_Your assignment_
What lines in the following entries hold the word "intro"? Copy each one.

-------- Excerpted data

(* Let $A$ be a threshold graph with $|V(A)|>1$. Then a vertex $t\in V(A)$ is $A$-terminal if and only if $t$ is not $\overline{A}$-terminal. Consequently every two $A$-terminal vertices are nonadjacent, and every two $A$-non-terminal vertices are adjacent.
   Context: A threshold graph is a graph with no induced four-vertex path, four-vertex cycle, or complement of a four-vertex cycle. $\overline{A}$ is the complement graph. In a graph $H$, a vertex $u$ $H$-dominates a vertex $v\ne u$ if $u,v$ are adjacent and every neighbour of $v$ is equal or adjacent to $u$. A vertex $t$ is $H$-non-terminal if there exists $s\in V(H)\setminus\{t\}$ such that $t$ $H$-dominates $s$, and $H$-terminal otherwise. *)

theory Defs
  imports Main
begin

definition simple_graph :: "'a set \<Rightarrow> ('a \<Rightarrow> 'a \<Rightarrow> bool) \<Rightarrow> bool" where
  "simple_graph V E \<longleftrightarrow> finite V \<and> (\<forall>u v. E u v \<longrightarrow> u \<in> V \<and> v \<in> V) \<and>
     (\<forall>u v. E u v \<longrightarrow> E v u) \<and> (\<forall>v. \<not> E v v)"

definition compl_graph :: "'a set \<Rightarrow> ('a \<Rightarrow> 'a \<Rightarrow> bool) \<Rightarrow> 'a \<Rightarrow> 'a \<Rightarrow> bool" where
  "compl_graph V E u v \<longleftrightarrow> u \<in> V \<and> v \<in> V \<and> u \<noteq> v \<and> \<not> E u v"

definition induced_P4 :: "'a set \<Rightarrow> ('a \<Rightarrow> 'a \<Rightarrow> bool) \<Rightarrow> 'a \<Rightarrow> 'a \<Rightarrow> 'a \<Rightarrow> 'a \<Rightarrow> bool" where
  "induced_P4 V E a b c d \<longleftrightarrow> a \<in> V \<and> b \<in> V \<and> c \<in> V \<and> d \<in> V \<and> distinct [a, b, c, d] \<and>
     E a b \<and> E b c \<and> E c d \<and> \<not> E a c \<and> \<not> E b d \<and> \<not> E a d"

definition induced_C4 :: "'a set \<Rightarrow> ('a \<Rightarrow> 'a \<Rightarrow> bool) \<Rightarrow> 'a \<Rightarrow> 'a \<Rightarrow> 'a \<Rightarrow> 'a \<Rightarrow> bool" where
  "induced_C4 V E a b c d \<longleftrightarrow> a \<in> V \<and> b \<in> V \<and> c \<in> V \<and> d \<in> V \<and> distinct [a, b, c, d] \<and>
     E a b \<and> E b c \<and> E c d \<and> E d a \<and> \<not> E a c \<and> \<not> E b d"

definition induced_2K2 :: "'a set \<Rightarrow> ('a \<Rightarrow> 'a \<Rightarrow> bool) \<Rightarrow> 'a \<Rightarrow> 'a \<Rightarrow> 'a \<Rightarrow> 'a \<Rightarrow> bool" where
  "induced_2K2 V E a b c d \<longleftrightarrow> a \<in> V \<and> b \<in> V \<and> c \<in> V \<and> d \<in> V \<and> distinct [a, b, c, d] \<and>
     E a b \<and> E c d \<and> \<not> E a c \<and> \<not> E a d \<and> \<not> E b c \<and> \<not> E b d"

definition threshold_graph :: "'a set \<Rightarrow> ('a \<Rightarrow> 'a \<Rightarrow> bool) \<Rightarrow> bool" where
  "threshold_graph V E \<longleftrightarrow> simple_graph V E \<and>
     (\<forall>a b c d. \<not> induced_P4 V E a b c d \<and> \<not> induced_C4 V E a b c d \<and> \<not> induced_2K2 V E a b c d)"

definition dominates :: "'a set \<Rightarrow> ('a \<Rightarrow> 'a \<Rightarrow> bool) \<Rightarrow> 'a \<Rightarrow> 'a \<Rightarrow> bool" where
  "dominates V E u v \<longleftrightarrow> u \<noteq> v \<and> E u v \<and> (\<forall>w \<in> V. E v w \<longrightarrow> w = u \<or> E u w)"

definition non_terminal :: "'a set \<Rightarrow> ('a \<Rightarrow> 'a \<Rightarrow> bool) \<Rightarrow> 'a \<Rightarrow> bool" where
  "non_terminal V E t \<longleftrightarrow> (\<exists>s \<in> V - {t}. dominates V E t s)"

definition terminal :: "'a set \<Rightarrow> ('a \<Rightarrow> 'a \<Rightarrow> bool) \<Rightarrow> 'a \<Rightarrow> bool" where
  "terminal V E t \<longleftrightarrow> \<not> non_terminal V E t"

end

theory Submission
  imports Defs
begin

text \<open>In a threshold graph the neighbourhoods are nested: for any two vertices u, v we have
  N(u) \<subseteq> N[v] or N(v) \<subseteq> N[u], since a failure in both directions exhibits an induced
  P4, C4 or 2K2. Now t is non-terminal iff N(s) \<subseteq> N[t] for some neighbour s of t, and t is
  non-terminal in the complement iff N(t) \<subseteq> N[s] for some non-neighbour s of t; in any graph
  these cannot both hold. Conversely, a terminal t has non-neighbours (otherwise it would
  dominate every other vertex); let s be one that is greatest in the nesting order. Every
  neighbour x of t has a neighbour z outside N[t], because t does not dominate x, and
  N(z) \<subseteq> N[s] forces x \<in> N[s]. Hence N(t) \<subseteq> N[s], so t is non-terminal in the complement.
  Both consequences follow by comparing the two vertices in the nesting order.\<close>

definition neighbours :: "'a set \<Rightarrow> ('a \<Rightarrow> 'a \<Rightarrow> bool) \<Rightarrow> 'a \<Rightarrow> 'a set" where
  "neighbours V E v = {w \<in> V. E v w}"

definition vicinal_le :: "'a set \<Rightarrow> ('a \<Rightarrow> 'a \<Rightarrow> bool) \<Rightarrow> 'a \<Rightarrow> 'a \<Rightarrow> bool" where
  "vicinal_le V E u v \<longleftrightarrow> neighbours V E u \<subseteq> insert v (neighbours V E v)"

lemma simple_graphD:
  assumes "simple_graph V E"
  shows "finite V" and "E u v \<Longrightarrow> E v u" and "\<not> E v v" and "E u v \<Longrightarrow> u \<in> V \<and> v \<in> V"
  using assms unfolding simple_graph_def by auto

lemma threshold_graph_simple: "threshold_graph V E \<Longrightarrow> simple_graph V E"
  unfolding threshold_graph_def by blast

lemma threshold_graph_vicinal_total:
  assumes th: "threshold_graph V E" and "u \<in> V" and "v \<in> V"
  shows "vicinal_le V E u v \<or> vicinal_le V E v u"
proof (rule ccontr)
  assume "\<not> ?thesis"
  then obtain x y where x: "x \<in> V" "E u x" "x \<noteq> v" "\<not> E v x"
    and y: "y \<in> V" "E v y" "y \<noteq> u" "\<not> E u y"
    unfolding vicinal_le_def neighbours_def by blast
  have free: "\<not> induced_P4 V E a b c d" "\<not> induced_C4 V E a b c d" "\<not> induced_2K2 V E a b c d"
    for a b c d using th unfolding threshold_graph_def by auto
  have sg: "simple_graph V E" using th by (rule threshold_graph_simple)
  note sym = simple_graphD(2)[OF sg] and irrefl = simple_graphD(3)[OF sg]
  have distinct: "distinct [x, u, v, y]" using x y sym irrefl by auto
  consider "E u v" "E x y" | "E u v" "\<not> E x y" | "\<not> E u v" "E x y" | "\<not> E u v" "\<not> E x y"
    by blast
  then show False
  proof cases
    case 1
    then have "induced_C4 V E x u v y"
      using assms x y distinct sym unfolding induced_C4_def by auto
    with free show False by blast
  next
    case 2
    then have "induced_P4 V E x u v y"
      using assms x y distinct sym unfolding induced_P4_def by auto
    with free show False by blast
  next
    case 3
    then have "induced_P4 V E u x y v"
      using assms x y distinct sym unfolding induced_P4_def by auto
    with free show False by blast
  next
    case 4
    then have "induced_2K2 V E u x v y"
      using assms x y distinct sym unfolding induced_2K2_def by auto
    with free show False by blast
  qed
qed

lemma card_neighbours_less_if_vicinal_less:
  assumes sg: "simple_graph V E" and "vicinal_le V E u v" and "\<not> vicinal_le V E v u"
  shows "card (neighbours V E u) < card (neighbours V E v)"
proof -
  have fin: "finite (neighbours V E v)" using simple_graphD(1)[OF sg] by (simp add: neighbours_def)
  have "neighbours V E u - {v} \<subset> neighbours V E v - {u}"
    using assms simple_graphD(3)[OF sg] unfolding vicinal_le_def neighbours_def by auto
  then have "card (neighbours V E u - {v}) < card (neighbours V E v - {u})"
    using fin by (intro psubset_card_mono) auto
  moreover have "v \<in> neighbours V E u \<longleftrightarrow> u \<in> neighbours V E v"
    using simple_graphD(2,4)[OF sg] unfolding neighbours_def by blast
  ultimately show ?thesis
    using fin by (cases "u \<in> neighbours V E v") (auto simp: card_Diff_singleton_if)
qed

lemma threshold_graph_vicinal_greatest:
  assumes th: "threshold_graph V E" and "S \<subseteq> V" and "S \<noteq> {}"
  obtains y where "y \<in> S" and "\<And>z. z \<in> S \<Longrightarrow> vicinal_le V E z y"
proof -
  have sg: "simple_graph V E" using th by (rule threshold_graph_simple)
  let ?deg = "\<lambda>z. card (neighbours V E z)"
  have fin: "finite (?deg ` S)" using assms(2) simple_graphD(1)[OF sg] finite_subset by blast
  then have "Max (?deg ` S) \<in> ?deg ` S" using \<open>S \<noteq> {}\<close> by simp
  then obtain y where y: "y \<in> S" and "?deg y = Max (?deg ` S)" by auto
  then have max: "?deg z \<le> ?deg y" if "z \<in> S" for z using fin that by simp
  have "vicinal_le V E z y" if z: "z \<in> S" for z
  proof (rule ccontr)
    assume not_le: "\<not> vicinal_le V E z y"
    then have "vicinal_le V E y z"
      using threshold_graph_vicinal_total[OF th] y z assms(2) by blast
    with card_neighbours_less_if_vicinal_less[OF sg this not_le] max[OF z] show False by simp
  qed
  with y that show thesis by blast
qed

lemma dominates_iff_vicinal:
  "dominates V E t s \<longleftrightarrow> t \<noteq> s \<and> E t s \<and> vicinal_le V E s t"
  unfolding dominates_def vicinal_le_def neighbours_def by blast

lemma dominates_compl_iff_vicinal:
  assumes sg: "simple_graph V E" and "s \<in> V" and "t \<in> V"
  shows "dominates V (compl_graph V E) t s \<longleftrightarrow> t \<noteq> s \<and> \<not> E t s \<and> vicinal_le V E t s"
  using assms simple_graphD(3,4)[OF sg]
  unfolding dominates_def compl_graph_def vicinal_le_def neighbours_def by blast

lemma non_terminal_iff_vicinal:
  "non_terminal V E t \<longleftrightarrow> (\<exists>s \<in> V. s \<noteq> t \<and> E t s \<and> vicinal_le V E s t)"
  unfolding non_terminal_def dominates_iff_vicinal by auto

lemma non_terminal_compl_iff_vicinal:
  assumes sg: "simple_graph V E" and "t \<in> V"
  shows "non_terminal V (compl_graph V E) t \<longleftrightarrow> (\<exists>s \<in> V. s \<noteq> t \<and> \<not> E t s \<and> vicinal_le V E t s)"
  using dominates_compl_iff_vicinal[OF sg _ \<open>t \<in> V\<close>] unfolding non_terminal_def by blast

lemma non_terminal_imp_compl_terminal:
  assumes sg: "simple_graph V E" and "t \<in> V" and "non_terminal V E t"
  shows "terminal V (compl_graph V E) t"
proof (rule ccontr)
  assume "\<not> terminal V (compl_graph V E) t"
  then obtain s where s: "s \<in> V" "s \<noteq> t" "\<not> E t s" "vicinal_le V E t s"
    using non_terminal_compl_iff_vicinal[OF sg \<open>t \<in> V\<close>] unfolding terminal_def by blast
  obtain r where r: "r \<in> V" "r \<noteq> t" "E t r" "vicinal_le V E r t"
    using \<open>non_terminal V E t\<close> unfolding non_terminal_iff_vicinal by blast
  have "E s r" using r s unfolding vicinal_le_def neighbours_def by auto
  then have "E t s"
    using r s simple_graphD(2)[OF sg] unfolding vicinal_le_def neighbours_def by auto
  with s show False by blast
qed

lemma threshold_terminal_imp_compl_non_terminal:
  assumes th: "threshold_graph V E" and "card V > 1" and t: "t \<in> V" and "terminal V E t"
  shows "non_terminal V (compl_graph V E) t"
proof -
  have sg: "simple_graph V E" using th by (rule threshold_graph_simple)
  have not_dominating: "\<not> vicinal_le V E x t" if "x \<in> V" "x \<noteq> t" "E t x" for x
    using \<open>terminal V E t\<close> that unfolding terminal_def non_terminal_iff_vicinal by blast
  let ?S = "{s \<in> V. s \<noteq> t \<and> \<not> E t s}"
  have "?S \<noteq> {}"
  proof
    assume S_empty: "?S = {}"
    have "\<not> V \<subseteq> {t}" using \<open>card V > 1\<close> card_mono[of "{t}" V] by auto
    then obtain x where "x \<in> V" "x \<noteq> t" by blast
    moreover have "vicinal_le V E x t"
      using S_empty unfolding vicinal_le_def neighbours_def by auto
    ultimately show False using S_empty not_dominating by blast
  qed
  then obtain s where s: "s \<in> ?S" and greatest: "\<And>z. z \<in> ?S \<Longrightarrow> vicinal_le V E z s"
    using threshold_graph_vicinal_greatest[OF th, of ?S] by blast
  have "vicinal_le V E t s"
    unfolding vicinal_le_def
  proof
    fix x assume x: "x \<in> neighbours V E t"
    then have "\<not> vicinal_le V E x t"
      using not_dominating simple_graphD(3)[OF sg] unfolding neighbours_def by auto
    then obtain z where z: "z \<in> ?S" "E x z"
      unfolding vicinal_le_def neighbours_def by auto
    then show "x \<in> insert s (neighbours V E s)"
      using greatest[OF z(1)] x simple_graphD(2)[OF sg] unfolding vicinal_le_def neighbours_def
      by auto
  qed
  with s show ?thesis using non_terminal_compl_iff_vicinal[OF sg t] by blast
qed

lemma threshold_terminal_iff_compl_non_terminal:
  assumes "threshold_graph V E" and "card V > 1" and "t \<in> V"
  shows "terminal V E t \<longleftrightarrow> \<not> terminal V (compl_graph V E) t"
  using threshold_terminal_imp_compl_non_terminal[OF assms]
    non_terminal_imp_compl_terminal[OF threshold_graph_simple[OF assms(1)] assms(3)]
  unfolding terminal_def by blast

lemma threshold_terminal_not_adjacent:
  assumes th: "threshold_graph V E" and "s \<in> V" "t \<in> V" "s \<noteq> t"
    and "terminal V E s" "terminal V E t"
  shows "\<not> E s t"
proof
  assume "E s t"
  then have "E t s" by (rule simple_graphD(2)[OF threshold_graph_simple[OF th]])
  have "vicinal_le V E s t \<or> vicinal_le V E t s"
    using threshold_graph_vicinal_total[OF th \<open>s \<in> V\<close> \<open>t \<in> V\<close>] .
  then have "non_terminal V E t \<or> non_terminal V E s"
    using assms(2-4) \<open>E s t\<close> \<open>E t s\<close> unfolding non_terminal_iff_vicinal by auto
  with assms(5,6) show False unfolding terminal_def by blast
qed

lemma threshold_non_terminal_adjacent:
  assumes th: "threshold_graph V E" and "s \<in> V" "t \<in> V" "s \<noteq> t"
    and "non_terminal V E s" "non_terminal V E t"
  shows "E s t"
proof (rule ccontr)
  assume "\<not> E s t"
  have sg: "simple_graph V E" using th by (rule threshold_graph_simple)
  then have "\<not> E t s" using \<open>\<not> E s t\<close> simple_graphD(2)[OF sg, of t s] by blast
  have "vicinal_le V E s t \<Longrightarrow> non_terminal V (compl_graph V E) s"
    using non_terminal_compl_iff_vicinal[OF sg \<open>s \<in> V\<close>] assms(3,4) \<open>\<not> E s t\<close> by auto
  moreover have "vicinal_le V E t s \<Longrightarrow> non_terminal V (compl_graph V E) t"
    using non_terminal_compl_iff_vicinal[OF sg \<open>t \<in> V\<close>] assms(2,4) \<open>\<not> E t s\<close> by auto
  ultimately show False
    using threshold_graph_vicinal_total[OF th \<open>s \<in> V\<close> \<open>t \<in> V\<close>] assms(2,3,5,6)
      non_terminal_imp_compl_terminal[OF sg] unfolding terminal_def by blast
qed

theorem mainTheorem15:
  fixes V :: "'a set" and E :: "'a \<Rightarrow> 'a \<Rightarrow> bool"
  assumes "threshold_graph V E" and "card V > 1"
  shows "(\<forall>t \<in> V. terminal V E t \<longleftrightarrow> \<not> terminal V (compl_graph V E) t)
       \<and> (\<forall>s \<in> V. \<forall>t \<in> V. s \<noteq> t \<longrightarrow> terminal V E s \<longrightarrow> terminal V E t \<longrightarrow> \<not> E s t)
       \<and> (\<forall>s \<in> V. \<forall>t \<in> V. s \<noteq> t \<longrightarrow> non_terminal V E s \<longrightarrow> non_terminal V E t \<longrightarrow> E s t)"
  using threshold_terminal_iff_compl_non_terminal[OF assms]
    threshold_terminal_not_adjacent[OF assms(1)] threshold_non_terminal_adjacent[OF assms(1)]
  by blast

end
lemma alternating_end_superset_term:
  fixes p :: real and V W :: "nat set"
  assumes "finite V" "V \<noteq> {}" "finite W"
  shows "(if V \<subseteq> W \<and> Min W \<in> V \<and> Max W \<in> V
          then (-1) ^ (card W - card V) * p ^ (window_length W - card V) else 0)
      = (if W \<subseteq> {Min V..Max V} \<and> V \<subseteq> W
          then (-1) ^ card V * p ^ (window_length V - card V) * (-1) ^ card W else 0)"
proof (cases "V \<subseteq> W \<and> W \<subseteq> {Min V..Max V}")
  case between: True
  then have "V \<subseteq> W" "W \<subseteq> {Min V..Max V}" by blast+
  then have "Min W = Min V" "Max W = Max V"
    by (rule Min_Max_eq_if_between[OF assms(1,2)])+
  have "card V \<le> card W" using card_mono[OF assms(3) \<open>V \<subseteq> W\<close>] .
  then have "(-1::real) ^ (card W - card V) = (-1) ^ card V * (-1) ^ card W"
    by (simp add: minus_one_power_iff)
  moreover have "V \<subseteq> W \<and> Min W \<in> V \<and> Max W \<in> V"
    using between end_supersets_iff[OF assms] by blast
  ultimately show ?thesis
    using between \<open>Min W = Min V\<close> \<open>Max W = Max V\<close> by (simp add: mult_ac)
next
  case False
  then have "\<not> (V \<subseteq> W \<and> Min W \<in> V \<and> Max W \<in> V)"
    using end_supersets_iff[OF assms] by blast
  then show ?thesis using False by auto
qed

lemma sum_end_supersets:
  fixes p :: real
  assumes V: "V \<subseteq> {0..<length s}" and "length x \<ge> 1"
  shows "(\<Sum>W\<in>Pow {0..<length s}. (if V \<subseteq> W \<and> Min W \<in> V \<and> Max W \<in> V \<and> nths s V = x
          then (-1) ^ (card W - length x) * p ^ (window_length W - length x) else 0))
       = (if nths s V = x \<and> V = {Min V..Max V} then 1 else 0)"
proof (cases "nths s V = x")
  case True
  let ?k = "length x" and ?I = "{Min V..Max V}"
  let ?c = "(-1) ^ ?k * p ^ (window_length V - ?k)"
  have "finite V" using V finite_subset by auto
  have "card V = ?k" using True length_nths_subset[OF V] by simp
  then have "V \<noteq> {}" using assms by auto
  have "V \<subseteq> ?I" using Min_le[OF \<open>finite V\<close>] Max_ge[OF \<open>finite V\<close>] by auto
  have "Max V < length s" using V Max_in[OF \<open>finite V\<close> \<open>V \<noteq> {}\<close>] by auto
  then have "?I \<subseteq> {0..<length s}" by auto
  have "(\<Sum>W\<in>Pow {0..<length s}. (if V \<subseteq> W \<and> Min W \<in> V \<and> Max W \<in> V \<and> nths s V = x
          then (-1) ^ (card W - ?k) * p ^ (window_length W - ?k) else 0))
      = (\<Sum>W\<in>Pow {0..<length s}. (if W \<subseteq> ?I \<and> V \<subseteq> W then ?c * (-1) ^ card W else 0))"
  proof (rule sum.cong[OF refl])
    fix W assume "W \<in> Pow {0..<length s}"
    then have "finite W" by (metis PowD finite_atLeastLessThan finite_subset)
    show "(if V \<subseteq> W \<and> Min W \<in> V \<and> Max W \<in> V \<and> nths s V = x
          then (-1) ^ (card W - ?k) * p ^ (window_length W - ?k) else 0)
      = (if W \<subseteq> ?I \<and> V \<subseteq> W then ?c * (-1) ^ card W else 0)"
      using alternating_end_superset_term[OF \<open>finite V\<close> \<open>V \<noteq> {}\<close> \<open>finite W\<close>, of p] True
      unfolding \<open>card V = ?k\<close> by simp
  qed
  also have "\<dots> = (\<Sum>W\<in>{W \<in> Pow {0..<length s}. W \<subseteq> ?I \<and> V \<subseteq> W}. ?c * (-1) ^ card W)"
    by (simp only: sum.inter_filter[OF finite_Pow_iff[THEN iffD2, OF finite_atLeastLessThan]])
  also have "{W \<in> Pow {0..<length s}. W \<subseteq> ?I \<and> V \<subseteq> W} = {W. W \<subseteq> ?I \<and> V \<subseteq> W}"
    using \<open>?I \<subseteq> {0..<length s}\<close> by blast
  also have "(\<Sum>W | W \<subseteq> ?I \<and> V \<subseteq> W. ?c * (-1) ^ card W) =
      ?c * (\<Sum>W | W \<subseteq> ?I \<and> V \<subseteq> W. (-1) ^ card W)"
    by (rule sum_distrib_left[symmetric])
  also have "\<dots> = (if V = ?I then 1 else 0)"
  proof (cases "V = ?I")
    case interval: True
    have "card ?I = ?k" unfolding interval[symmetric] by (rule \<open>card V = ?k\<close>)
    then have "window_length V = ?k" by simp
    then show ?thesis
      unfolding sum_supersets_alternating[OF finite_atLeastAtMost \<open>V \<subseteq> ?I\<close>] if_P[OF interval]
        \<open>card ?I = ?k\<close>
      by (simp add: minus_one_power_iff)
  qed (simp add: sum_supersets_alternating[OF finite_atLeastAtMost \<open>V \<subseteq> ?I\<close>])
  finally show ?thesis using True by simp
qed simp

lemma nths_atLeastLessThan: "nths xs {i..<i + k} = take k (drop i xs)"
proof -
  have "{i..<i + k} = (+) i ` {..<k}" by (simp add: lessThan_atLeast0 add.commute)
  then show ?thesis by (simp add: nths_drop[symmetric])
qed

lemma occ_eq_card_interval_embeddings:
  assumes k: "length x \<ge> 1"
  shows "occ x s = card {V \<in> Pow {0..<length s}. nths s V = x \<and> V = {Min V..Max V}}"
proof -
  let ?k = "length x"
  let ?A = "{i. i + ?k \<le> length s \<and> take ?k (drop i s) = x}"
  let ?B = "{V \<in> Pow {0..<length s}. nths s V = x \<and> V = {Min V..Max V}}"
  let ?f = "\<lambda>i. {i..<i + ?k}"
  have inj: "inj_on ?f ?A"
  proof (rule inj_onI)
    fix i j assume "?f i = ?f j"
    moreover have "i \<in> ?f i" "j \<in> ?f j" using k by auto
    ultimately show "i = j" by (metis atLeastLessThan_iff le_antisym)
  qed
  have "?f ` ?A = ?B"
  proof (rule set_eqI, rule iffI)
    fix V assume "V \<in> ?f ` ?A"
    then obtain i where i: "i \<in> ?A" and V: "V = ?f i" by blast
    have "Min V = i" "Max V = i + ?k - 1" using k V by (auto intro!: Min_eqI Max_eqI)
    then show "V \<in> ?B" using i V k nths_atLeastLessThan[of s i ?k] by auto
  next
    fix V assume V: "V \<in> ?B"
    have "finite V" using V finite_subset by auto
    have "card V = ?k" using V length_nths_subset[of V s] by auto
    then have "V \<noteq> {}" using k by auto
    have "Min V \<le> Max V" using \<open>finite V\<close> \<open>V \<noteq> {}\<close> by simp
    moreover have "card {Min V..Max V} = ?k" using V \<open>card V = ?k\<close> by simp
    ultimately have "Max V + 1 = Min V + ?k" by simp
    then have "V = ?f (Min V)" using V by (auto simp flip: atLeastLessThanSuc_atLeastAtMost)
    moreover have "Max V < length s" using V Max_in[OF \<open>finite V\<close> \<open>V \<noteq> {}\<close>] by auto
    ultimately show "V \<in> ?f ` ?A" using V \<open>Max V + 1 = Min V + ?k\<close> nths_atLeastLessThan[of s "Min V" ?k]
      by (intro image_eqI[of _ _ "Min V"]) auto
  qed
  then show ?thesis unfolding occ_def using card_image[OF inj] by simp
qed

----------------

_Solution to this problem_
    using fin by (intro psubset_card_mono) auto
    have "Min V = i" "Max V = i + ?k - 1" using k V by (auto intro!: Min_eqI Max_eqI)
      by (intro image_eqI[of _ _ "Min V"]) auto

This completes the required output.